Texture segmentation and shape in the same image

  • Authors:
  • J. Krumm;S. A. Shafer

  • Affiliations:
  • -;-

  • Venue:
  • ICCV '95 Proceedings of the Fifth International Conference on Computer Vision
  • Year:
  • 1995

Quantified Score

Hi-index 0.00

Visualization

Abstract

Uniformly textured surfaces in 3D scenes provide important cues for image understanding. Texture can be used for both segmentation and for 3D shape inference. Unfortunately, virtually all current algorithms are based on assumptions that make it impossible to do texture segmentation and shape-from-texture in the same image.

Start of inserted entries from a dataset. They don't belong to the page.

(* In the setting described in the context, if the parametrisation $\mathcal P_0=(X,\Theta)$ is partially tight in parameter (PTIP), then $\mathcal P_0$ is uniformly ergodic. Likewise, if $\mathcal P_1=(\tilde X,\Theta)$ is PTIP, then $\mathcal P_1$ is uniformly ergodic.
   Context: Fix an observed value $y\in\mathbb R$. Consider the model $Y=X+Z_1$, $X=\Theta+Z_2$, where $Z_1,Z_2$ are independent real random variables, independent of $\Theta$, whose distributions are symmetric about $0$ and have continuous, bounded, everywhere positive Lebesgue densities $f_1,f_2$; $\Theta$ is given the improper flat (Lebesgue) prior on $\mathbb R$, and the posterior $\mathcal L(X,\Theta\mid Y=y)$ is proper. Write $\tilde X=X-\Theta$. For a parametrisation $\mathcal P=(U,\Theta)$ with $U\in\{X,\tilde X\}$, the Gibbs sampler started at $\Theta_0$ iterates, for $n\ge1$: draw $U_n\sim\mathcal L(U\mid Y=y,\Theta=\Theta_{n-1})$, then $\Theta_n\sim\mathcal L(\Theta\mid Y=y,U=U_n)$. The centred parametrisation is $\mathcal P_0=(X,\Theta)$ and the non-centred one is $\mathcal P_1=(\tilde X,\Theta)$. A parametrisation is called geometrically ergodic if its marginal chain $\{\Theta_n\}$ satisfies $\|\mathcal L(\Theta_n\mid Y=y,\Theta_0)-\mathcal L(\Theta\mid Y=y)\|_{TV}\le M(\Theta_0)r^n$ for all $n$, for some $r<1$ and some function $M$; it is called uniformly ergodic if in addition $M$ can be taken bounded. A parametrisation $(U,\Theta)$ is PTIP (partially tight in parameter) if for every $y$ there is $k>0$ with $\limsup_{|\theta|\to\infty}\mathbf P(|U|>k\mid Y=y,\Theta=\theta)<1$. *)

theory Defs
  imports "HOL-Probability.Probability"
begin

text \<open>Unnormalised joint posterior density of (X, Theta) given Y = y, for the model
  Y = X + Z1, X = Theta + Z2 with flat prior on Theta (centred parametrisation P0).\<close>
definition post0 :: "(real \<Rightarrow> real) \<Rightarrow> (real \<Rightarrow> real) \<Rightarrow> real \<Rightarrow> real \<Rightarrow> real \<Rightarrow> real" where
  "post0 f1 f2 y x \<theta> = f1 (y - x) * f2 (x - \<theta>)"

text \<open>Joint posterior density of (Xtilde, Theta) given Y = y, Xtilde = X - Theta
  (non-centred parametrisation P1); the change of variables has Jacobian 1.\<close>
definition post1 :: "(real \<Rightarrow> real) \<Rightarrow> (real \<Rightarrow> real) \<Rightarrow> real \<Rightarrow> real \<Rightarrow> real \<Rightarrow> real" where
  "post1 f1 f2 y u \<theta> = post0 f1 f2 y (u + \<theta>) \<theta>"

definition cond_U :: "(real \<Rightarrow> real \<Rightarrow> real) \<Rightarrow> real \<Rightarrow> real measure" where
  "cond_U p \<theta> = density lborel
     (\<lambda>u. ennreal (p u \<theta>) / (\<integral>\<^sup>+ v. ennreal (p v \<theta>) \<partial>lborel))"

definition cond_Theta :: "(real \<Rightarrow> real \<Rightarrow> real) \<Rightarrow> real \<Rightarrow> real measure" where
  "cond_Theta p u = density lborel
     (\<lambda>\<theta>. ennreal (p u \<theta>) / (\<integral>\<^sup>+ t. ennreal (p u t) \<partial>lborel))"

definition marg_Theta :: "(real \<Rightarrow> real \<Rightarrow> real) \<Rightarrow> real measure" where
  "marg_Theta p = density lborel
     (\<lambda>\<theta>. (\<integral>\<^sup>+ u. ennreal (p u \<theta>) \<partial>lborel) /
            (\<integral>\<^sup>+ t. \<integral>\<^sup>+ u. ennreal (p u t) \<partial>lborel \<partial>lborel))"

definition gibbs_step :: "(real \<Rightarrow> real \<Rightarrow> real) \<Rightarrow> real \<Rightarrow> real measure" where
  "gibbs_step p \<theta> = bind (cond_U p \<theta>) (cond_Theta p)"

fun gibbs_dist :: "(real \<Rightarrow> real \<Rightarrow> real) \<Rightarrow> real \<Rightarrow> nat \<Rightarrow> real measure" where
  "gibbs_dist p \<theta>0 0 = return borel \<theta>0"
| "gibbs_dist p \<theta>0 (Suc n) = bind (gibbs_dist p \<theta>0 n) (gibbs_step p)"

definition tv_dist :: "real measure \<Rightarrow> real measure \<Rightarrow> real" where
  "tv_dist M N = (SUP A \<in> sets borel. \<bar>measure M A - measure N A\<bar>)"

definition geometrically_ergodic :: "(real \<Rightarrow> real \<Rightarrow> real) \<Rightarrow> bool" where
  "geometrically_ergodic p \<longleftrightarrow> (\<exists>r M. 0 \<le> r \<and> r < 1 \<and>
     (\<forall>\<theta>0 n. tv_dist (gibbs_dist p \<theta>0 n) (marg_Theta p) \<le> M \<theta>0 * r ^ n))"

definition uniformly_ergodic :: "(real \<Rightarrow> real \<Rightarrow> real) \<Rightarrow> bool" where
  "uniformly_ergodic p \<longleftrightarrow> (\<exists>r M. 0 \<le> r \<and> r < 1 \<and> bounded (range M) \<and>
     (\<forall>\<theta>0 n. tv_dist (gibbs_dist p \<theta>0 n) (marg_Theta p) \<le> M \<theta>0 * r ^ n))"

text \<open>PTIP for a parametrisation given by its posterior densities P y (for every y).\<close>
definition PTIP :: "(real \<Rightarrow> real \<Rightarrow> real \<Rightarrow> real) \<Rightarrow> bool" where
  "PTIP P \<longleftrightarrow> (\<forall>y. \<exists>k>0.
     Limsup at_infinity (\<lambda>\<theta>. ereal (measure (cond_U (P y) \<theta>) {u. k < \<bar>u\<bar>})) < 1)"

end

theory Submission
  imports Defs
begin

text \<open>
  Both parametrisations are instances of one abstract situation (locale gibbs_density): a
  continuous, everywhere positive joint density p u \<theta> on the plane whose sections have
  integrals bounded by a constant B and whose total mass is finite.  For such p we show:
  (1) the conditional laws of U given \<Theta> and of \<Theta> given U are probability kernels, and the
      \<Theta>-marginal is stationary for one Gibbs sweep K;
  (2) a Doeblin minorisation K(\<theta>, A) \<ge> \<epsilon> Unif[-1,1](A) makes the sweep a contraction with
      factor 1 - \<epsilon> for the setwise distance (via a layer-cake comparison of integrals);
      iterating from the stationary law gives uniform ergodicity with rate 1 - \<epsilon>;
  (3) tightness of U given \<Theta> = \<theta> for large \<theta>, together with positivity and continuity of p
      (uniform lower bounds on compact boxes), yields such a minorisation; PTIP is exactly
      this tightness.
\<close>

lemma nn_integral_pos_of_pos:
  fixes f :: "real \<Rightarrow> real"
  assumes [measurable]: "f \<in> borel_measurable borel" and pos: "\<And>x. 0 < f x"
  shows "0 < (\<integral>\<^sup>+x. ennreal (f x) \<partial>lborel)"
proof (rule ccontr)
  assume "\<not> 0 < (\<integral>\<^sup>+x. ennreal (f x) \<partial>lborel)"
  then have "(\<integral>\<^sup>+x. ennreal (f x) \<partial>lborel) = 0" by (simp add: not_gr_zero)
  then have "AE x in lborel. ennreal (f x) = 0" by (subst (asm) nn_integral_0_iff_AE) auto
  then obtain N where N: "{x\<in>space lborel. ennreal (f x) \<noteq> 0} \<subseteq> N" "emeasure lborel N = 0"
    by (auto elim: AE_E)
  have "N = UNIV" using N(1) pos by (auto simp: less_le)
  then show False using N(2) by simp
qed

lemma nn_integral_shift:
  fixes f :: "real \<Rightarrow> real"
  assumes [measurable]: "f \<in> borel_measurable borel"
  shows "(\<integral>\<^sup>+x. ennreal (f (x - t)) \<partial>lborel) = (\<integral>\<^sup>+x. ennreal (f x) \<partial>lborel)"
  using nn_integral_real_affine[of "\<lambda>x. ennreal (f x)" 1 "-t"] by simp

lemma nn_integral_reflect:
  fixes f :: "real \<Rightarrow> real"
  assumes [measurable]: "f \<in> borel_measurable borel"
  shows "(\<integral>\<^sup>+x. ennreal (f (a - x)) \<partial>lborel) = (\<integral>\<^sup>+x. ennreal (f x) \<partial>lborel)"
  using nn_integral_real_affine[of "\<lambda>x. ennreal (f x)" "-1" a] by simp

text \<open>Layer-cake formula for a probability measure on the reals; it lets us compare integrals
  of bounded functions under two setwise close measures.\<close>
lemma layer_cake_prob:
  fixes g :: "real \<Rightarrow> real"
  assumes nu: "prob_space \<nu>" "sets \<nu> = sets borel"
    and g[measurable]: "g \<in> borel_measurable borel" and g0: "\<And>x. 0 \<le> g x"
  shows "(\<integral>\<^sup>+x. ennreal (g x) \<partial>\<nu>) = (\<integral>\<^sup>+t. emeasure \<nu> {x. t < g x} * indicator {0..} t \<partial>lborel)"
proof -
  interpret prob_space \<nu> by fact
  interpret P: pair_sigma_finite \<nu> lborel
    by (intro pair_sigma_finite.intro sigma_finite_measure_axioms)
       (rule lborel.sigma_finite_measure_axioms)
  define H where "H = {(x, t::real). 0 \<le> t \<and> t < g x}"
  have "Measurable.pred (borel \<Otimes>\<^sub>M borel) (\<lambda>z::real\<times>real. 0 \<le> snd z \<and> snd z < g (fst z))"
    by measurable
  then have "H \<in> sets (borel \<Otimes>\<^sub>M borel)"
    unfolding H_def pred_def by (simp add: space_pair_measure split_beta')
  then have H[measurable]: "H \<in> sets (\<nu> \<Otimes>\<^sub>M lborel)"
    using nu(2) by (simp add: sets_pair_measure_cong[of \<nu> borel lborel borel])
  have "(\<integral>\<^sup>+x. ennreal (g x) \<partial>\<nu>) = (\<integral>\<^sup>+x. \<integral>\<^sup>+t. indicator H (x, t) \<partial>lborel \<partial>\<nu>)"
  proof (rule nn_integral_cong)
    fix x
    have "(\<integral>\<^sup>+t. indicator H (x, t) \<partial>lborel) = (\<integral>\<^sup>+t. indicator {0..<g x} t \<partial>lborel)"
      by (intro nn_integral_cong) (simp add: H_def split: split_indicator)
    then show "ennreal (g x) = (\<integral>\<^sup>+t. indicator H (x, t) \<partial>lborel)" using g0[of x] by simp
  qed
  also have "\<dots> = (\<integral>\<^sup>+t. \<integral>\<^sup>+x. indicator H (x, t) \<partial>\<nu> \<partial>lborel)"
    by (rule P.Fubini'[symmetric]) simp
  also have "\<dots> = (\<integral>\<^sup>+t. emeasure \<nu> {x. t < g x} * indicator {0..} t \<partial>lborel)"
  proof (rule nn_integral_cong)
    fix t
    have "(\<integral>\<^sup>+x. indicator H (x, t) \<partial>\<nu>) = (\<integral>\<^sup>+x. indicator {x. t < g x} x * indicator {0..} t \<partial>\<nu>)"
      by (intro nn_integral_cong) (simp add: H_def split: split_indicator)
    moreover have "{x. t < g x} \<in> sets \<nu>" using nu(2) by simp
    ultimately show "(\<integral>\<^sup>+x. indicator H (x, t) \<partial>\<nu>) = emeasure \<nu> {x. t < g x} * indicator {0..} t"
      by (simp add: nn_integral_multc)
  qed
  finally show ?thesis .
qed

Texture segmentation algorithms rely on an absence of 3D effects that tend to distort the texture. Shape-from-texture algorithms depend on these effects, relying instead on the texture being already segmented. To really understand texture in images, texture segmentation and shape-from-texture must be viewed as a combined problem to be solved simultaneously. We present a solution to this problem with a region-growing algorithm that explicitly accounts for perspective distortions of otherwise uniform texture. We use the image spectrogram to compute local surface normals, which are in turn used to "frontalize" the texture. These frontalized texture patches are then subjected to a region-growing algorithm based on similarity in the local frequency domain and a minimum description length criteria. We show results of our algorithm on real texture images taken in the lab and outdoors.